What this task involves => Print nothing but the lines below starting at the line that holds "matrix_vector_mult_scaleR)" and ending at the line that holds "dd (\<lambda>_. 0)", including both, each exactly as written.

Top of Source data

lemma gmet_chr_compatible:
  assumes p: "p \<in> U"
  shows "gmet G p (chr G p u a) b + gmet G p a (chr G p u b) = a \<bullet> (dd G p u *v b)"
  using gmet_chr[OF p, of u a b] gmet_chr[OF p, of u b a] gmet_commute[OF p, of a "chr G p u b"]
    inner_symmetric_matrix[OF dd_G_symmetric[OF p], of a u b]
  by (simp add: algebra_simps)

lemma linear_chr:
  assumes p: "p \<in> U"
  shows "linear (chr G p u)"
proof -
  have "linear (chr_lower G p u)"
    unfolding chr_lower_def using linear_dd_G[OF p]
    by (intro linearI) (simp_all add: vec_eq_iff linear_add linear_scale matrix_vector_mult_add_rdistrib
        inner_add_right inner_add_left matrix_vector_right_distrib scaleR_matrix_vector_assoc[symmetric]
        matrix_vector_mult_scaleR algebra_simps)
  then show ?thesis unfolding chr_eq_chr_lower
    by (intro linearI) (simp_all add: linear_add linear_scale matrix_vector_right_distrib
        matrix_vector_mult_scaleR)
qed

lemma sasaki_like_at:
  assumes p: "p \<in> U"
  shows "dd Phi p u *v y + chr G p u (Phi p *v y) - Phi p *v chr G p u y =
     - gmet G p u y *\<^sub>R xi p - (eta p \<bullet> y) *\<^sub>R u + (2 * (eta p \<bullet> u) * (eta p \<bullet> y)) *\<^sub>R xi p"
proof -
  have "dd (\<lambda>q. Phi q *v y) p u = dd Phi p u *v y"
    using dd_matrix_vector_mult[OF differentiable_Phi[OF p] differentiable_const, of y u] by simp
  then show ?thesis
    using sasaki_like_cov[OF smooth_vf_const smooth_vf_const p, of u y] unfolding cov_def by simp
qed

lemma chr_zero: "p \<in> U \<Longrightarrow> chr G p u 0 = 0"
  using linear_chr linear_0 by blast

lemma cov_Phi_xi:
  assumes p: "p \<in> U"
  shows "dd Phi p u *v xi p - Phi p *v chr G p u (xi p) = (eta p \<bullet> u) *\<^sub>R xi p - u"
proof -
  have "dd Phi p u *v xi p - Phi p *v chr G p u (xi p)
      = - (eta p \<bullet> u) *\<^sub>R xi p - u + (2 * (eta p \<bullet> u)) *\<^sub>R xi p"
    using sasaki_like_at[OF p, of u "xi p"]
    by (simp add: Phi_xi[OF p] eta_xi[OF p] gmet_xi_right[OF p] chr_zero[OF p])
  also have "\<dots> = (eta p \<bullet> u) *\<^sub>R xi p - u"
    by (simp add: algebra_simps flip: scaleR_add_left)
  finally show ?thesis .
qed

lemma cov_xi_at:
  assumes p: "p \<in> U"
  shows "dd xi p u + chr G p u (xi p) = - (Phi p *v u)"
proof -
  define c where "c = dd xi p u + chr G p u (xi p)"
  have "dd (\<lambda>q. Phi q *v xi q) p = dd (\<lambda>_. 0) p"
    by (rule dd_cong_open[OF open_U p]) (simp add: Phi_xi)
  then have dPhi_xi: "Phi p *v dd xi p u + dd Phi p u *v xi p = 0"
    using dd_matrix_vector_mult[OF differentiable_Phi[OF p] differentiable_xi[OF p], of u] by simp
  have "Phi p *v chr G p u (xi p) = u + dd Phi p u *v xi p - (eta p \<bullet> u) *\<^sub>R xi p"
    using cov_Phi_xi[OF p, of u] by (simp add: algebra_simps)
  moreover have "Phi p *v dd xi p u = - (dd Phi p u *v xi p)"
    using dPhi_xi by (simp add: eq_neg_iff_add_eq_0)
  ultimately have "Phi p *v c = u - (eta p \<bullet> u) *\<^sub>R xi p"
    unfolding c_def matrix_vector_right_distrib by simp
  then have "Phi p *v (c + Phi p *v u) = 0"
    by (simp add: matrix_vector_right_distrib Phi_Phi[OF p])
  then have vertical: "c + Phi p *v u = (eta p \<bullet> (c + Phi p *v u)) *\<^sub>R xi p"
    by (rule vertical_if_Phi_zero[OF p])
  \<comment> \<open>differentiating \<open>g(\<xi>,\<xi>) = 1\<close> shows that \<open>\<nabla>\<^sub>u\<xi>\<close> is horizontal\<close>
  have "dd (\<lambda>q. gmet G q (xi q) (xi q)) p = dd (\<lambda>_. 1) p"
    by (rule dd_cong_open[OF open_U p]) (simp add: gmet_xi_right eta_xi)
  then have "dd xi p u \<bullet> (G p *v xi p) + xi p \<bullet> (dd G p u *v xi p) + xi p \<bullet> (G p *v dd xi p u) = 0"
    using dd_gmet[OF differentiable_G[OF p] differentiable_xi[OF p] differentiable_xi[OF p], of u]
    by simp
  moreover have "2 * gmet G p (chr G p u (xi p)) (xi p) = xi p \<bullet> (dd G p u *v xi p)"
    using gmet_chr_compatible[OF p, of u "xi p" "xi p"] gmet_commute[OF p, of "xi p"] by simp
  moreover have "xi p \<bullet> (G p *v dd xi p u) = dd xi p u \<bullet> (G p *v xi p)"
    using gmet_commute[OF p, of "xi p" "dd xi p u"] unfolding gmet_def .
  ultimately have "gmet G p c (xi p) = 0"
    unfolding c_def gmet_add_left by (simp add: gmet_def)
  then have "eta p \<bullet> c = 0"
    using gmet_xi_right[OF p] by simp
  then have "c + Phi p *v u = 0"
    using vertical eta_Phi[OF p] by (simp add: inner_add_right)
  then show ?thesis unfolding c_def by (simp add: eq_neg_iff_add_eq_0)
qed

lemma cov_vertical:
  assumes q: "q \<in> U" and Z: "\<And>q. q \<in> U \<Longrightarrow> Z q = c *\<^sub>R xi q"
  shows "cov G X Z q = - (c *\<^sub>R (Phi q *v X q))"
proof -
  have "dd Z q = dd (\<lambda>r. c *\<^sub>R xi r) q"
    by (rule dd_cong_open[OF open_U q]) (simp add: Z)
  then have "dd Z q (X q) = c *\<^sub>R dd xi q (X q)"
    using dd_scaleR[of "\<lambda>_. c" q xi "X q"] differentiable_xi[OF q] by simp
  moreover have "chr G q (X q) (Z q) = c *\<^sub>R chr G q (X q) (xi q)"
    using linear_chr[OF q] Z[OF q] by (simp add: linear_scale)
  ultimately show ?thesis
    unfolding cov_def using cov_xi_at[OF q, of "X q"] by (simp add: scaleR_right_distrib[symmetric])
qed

Bottom of Source data

Result for this task =>
        matrix_vector_mult_scaleR)
qed

lemma sasaki_like_at:
  assumes p: "p \<in> U"
  shows "dd Phi p u *v y + chr G p u (Phi p *v y) - Phi p *v chr G p u y =
     - gmet G p u y *\<^sub>R xi p - (eta p \<bullet> y) *\<^sub>R u + (2 * (eta p \<bullet> u) * (eta p \<bullet> y)) *\<^sub>R xi p"
proof -
  have "dd (\<lambda>q. Phi q *v y) p u = dd Phi p u *v y"
    using dd_matrix_vector_mult[OF differentiable_Phi[OF p] differentiable_const, of y u] by simp
  then show ?thesis
    using sasaki_like_cov[OF smooth_vf_const smooth_vf_const p, of u y] unfolding cov_def by simp
qed

lemma chr_zero: "p \<in> U \<Longrightarrow> chr G p u 0 = 0"
  using linear_chr linear_0 by blast

lemma cov_Phi_xi:
  assumes p: "p \<in> U"
  shows "dd Phi p u *v xi p - Phi p *v chr G p u (xi p) = (eta p \<bullet> u) *\<^sub>R xi p - u"
proof -
  have "dd Phi p u *v xi p - Phi p *v chr G p u (xi p)
      = - (eta p \<bullet> u) *\<^sub>R xi p - u + (2 * (eta p \<bullet> u)) *\<^sub>R xi p"
    using sasaki_like_at[OF p, of u "xi p"]
    by (simp add: Phi_xi[OF p] eta_xi[OF p] gmet_xi_right[OF p] chr_zero[OF p])
  also have "\<dots> = (eta p \<bullet> u) *\<^sub>R xi p - u"
    by (simp add: algebra_simps flip: scaleR_add_left)
  finally show ?thesis .
qed

lemma cov_xi_at:
  assumes p: "p \<in> U"
  shows "dd xi p u + chr G p u (xi p) = - (Phi p *v u)"
proof -
  define c where "c = dd xi p u + chr G p u (xi p)"
  have "dd (\<lambda>q. Phi q *v xi q) p = dd (\<lambda>_. 0) p"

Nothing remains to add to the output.